South Korean artist Kyungah Ham's Chandeliers for Five Cities were entrancing. From a distance they look like photographs of chandeliers, some in motion. But when you look closer, the works have been embroidered.
It turns out Ham wondered how she could get in touch with people in North Korea and somehow managed to smuggle materials and her designs across the border, have them made (each in four pieces) and then smuggled back to South Korea where she put them together.
The handiwork is amazing and some wonder if the workers who did the pieces were exploited or not. The work seems to make a statement about excess and wealth, but also the stark black backgrounds seem to show opulence isolated.
|Vic Muniz's collage of the Golden Gate Bridge|
Nevertheless, the effect of the embroidery on silk canvas is stunning and amazing, a testament to Ham's determination (she could get into trouble for doing this), and the workers who made these five pieces.
Another favourite is Vic Muniz's Postcards from Nowhere: Golden Gate Bridge at Ben Brown Fine Arts.
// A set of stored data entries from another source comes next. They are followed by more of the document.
(* Let $\rho,\sigma$ be $d\times d$ density matrices with $\sigma$ of full rank (invertible). Then \[ \min_{U\in\mathcal{U}(d)} S(U\rho U^\dagger\,\|\,\sigma) = H\big(\lambda^\downarrow(\rho)\,\|\,\lambda^\downarrow(\sigma)\big),\qquad \max_{U\in\mathcal{U}(d)} S(U\rho U^\dagger\,\|\,\sigma) = H\big(\lambda^\downarrow(\rho)\,\|\,\lambda^\uparrow(\sigma)\big), \] and moreover the set $\{S(U\rho U^\dagger\|\sigma): U\in\mathcal{U}(d)\}$ equals the closed interval $\big[H(\lambda^\downarrow(\rho)\|\lambda^\downarrow(\sigma)),\ H(\lambda^\downarrow(\rho)\|\lambda^\uparrow(\sigma))\big]$.
   Context: A density matrix is a positive semidefinite complex matrix of trace one; $\mathcal{U}(d)$ is the group of $d\times d$ unitary matrices. The quantum relative entropy is $S(\rho\|\sigma)=\operatorname{Tr}[\rho(\log\rho-\log\sigma)]$ (defined when $\operatorname{supp}\rho\subseteq\operatorname{supp}\sigma$, with the convention $0\log 0=0$). For probability vectors $p,q$, the classical relative entropy is $H(p\|q)=\sum_j p_j(\log p_j-\log q_j)$ if $\operatorname{supp}(p)\subseteq\operatorname{supp}(q)$ (with $0\log 0=0$), and $+\infty$ otherwise. For a Hermitian matrix $A$, $\lambda^\downarrow(A)$ is the vector of its eigenvalues (with multiplicity) in decreasing order and $\lambda^\uparrow(A)$ the same in increasing order. *)

theory Defs
  imports "Jordan_Normal_Form.Schur_Decomposition" "HOL-Library.Extended_Real"
begin

definition mtrace :: "complex mat \<Rightarrow> complex" where
  "mtrace A = (\<Sum>i<dim_row A. A $$ (i,i))"

definition hermitian_mat :: "complex mat \<Rightarrow> bool" where
  "hermitian_mat A \<longleftrightarrow> mat_adjoint A = A"

definition unitary_mat :: "nat \<Rightarrow> complex mat \<Rightarrow> bool" where
  "unitary_mat d U \<longleftrightarrow> U \<in> carrier_mat d d \<and> U * mat_adjoint U = 1\<^sub>m d \<and> mat_adjoint U * U = 1\<^sub>m d"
I prefer his earlier works, when he painstakingly made collages recreating famous works of art, or using unusual mediums like chocolate syrup to make his drawings/paintings.
These days he blows up pictures of postcards to give a representation of a place. Last year it was China -- Beijing and Shanghai, and this piece done last year is of San Francisco.
|The SCMP was used to make a political statement!|
Then at neugerrieum-schneider, Thai-American artist Rirkrit Tiravanija has an untitled work, but on it in bold letters it says, "Freedom Cannot Be Simulated". The slogan is painted on copies of the South China Morning Post dated between September 26-30, 2014, when the Umbrella Movement began and later resulted in the 79-day occupation of parts of Hong Kong.
Tiravanija has done similar works on other newspapers before too, so he is known for making strong statements. Here he is paying tribute to the students and young people who initiated the movement.
|Tatsuo Miyajima (right) with HK artist Samson Young|
Now there are many people with these T-shirts -- the perfect top for the July 1 protest march...
Finally I had a chance to listen to Japanese artist Tatsuo Miyajima who created a light installation on ICC building. Entitled Time Waterfall, one could see numbers falling on the facade of the skyscraper, digital numbers changing from nine to one.
He explained that it was counting down to death, with zero being death, but that number is not shown. Miyajima wanted viewers to contemplate life and death, and living in the now.